To put another way, these do function as ad-hoc devices with BT and UWB when you're within range, but they also work over the internet with your iCloud account so you can locate these trackers when you aren't in range by having them link to other devices securely which will forward their location to Apple which will let you know where they were found.

That is not how AirTags work. AirTags don’t connect to any other device other than the owner’s iPhone, neither are AirTags responsible for sending information to servers.
AirTags only broadcast a Bluetooth ID for other Apple’ devices to see. It’s the iPhones and iPads in the network that communicate with Apple servers, and once there is a request for an AirTag they probably receive the associated Public Key to encrypt its location so that the owner can discover it. 
Just pay attention to the fact that devices cannot establish a Bluetooth connection without first pairing,  and strange devices don’t pair without user consent... Not only would it be a very high security risk to create ad-hoc connections with strange devices, it would also easily saturate bluetooth connections making it impossible for people to use their own devices and increasing power consumption unnecessarily.
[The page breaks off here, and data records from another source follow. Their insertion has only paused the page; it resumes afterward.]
lemma card_not_light_le:
  assumes "0 < eps" "0 < bb" "0 < ww"
  shows "real (card {e \<in> E. \<not> light U L E bb ww eps e})
           \<le> (8 * real (num_butterflies U L E) / bb + 2 * real (num_wedges E) / ww)
               * (eps * bb) powr (1/4)"
proof -
  define q where "q = (eps * bb) powr (1/4)"
  have "0 < q" using assms by (simp add: q_def)
  define A where "A = {e \<in> E. bb / (2 * q) \<le> real (edge_butterflies U L E e)}"
  define D where "D = {e \<in> E. ww / q \<le> edge_degree E e}"
  have "{e \<in> E. \<not> light U L E bb ww eps e} \<subseteq> A \<union> D"
    using powr_three_quarters_div[OF assms(1,2)]
    by (auto simp: light_def A_def D_def q_def not_less field_simps)
  then have "card {e \<in> E. \<not> light U L E bb ww eps e} \<le> card (A \<union> D)"
    by (intro card_mono) (auto simp: A_def D_def finite_E)
  also have "\<dots> \<le> card A + card D"
    by (rule card_Un_le)
  finally have "card {e \<in> E. \<not> light U L E bb ww eps e} \<le> card A + card D" .
  moreover have "real (card A) \<le> 4 * real (num_butterflies U L E) / (bb / (2 * q))"
    using card_Markov_inequality[OF finite_E, of "\<lambda>e. real (edge_butterflies U L E e)" "bb / (2 * q)"]
      \<open>0 < q\<close> assms sum_edge_butterflies unfolding A_def by (simp flip: of_nat_sum)
  moreover have "real (card D) \<le> 2 * real (num_wedges E) / (ww / q)"
    using card_Markov_inequality[OF finite_E, of "edge_degree E" "ww / q"]
      \<open>0 < q\<close> assms sum_edge_degree unfolding D_def by (simp add: edge_degree_eq_card_wedges)
  ultimately have "real (card {e \<in> E. \<not> light U L E bb ww eps e})
      \<le> 4 * real (num_butterflies U L E) / (bb / (2 * q)) + 2 * real (num_wedges E) / (ww / q)"
    by linarith
  also have "\<dots> = (8 * real (num_butterflies U L E) / bb + 2 * real (num_wedges E) / ww) * q"
    using \<open>0 < q\<close> assms by (simp add: field_simps)
  finally show ?thesis unfolding q_def .
qed

lemma wedges_nonempty:
  assumes "B \<in> butterflies U L E"
  shows "wedges E \<noteq> {}"
proof -
  obtain u1 v1 v2 where "v1 \<noteq> v2" "(u1, v1) \<in> E" "(u1, v2) \<in> E"
    using assms by (elim butterfliesE) blast
  then have "{(u1, v1), (u1, v2)} \<in> wedges E"
    unfolding wedges_def by force
  then show ?thesis by blast
qed

lemma appropriate_card_heavy_part_le:
  assumes part: "appropriate U L E bb ww eps PH PL" and "0 < eps" "0 < bb" "0 < ww"
    and ww: "real (num_wedges E) / 6 \<le> ww"
  shows "real (card PH) \<le> (8 * real (num_butterflies U L E) / bb + 12) * (eps * bb) powr (1/4)"
proof -
  have "PH \<subseteq> {e \<in> E. \<not> light U L E bb ww eps e}"
    using part by (auto simp: appropriate_def)
  then have "real (card PH) \<le> real (card {e \<in> E. \<not> light U L E bb ww eps e})"
    by (intro of_nat_mono card_mono) (auto simp: finite_E)
  also have "\<dots> \<le> (8 * real (num_butterflies U L E) / bb + 2 * real (num_wedges E) / ww)
                    * (eps * bb) powr (1/4)"
    by (rule card_not_light_le[OF \<open>0 < eps\<close> \<open>0 < bb\<close> \<open>0 < ww\<close>])
  also have "\<dots> \<le> (8 * real (num_butterflies U L E) / bb + 12) * (eps * bb) powr (1/4)"
    using ww \<open>0 < ww\<close> by (intro mult_right_mono) (auto simp: field_simps)
  finally show ?thesis .
qed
Of course they do. That's a key to how they securely send their location to your device when you're not within BT range, just like with Tile, Trackr, et al. This isn't a difficult concept to understand. Just because the device isn't showing up on another person's phone doesn't mean the device isn't connecting to the internet via said device.

They will even connect to Android devices which allows AirTag to be scanned which will pop up an alert on the screen that includes a web link (as this researcher did in the article). If it's marked as lost, you'll see instructions on how to contact the rightful owner and get the item back to them.

No they don’t. If you knew anything about how bluetooth works on an iPhone, you would know that there is no connection over bluetooth without pairing, and devices only pair with user authorisation.
The location is securely sent by other iPhones not by the AirTag. The iPhone sees the AirTag "ID", the iPhone knows its own location, the iPhone communicates to Apple encrypted (using the AirTag broadcasted Public Key) location. It is a concept quite easy to understand, that has been around for a few years to find offline Phones!!! For other people devices the AirTag is passive, non connected.
AirTags don’t connect to Android devices. Android devices can scan the NFC chip and get a link to a website, and that is it. Anything else after that doesn’t involve the AirTag, nor does it connect an AirTag to a server.

Being passive doesn't mean it doesn't connect. It's a signal that is going to a device which transmits its ID to a server which then forwards it's ID to its owner along with its location. If it didn't do this there would be such thing as AirTag or Tile. In no comment did I say that it pairs with another device.

Additionally, and yet again, there are other wireless technologies in which more than just iPhones can retrieve data from AirTags. That is very clearly a wireless transmission of data from one device to another and to say otherwise is foolish.

OMG!!! being passive means it doesn’t connect because that is my own description and that is what I meant. There is no signal going through another device! The AirTag is only broadcasting an ID (an alphanumeric string) that anyone can see! It doesn’t interact with other iPhones!!! 
"In no comment did I say that it pairs with another device":
In several comments you mention that the AirTag connects to the internet via another device!!! You can only use another device’s internet if your pair the devices!!!!!!!!!!!!!!!!!!!!!!!!!!!!!!! You actually mention a lot the idea that an hacked AirTag could use these devices (iPhones) to connect to servers not from Apple... so clearly you thought that the AirTag could behave in far more complex ways than it actually does.

In networking a connection is when two devices successfully communicate with each other. This does not mean that communication has to be both ways or in the complex ways in which you are obviously assuming. The fact that you admit that a URL is being sent from one device to read by another means they can communicate wirelessly. To conflate with with how you pair headphone with a device.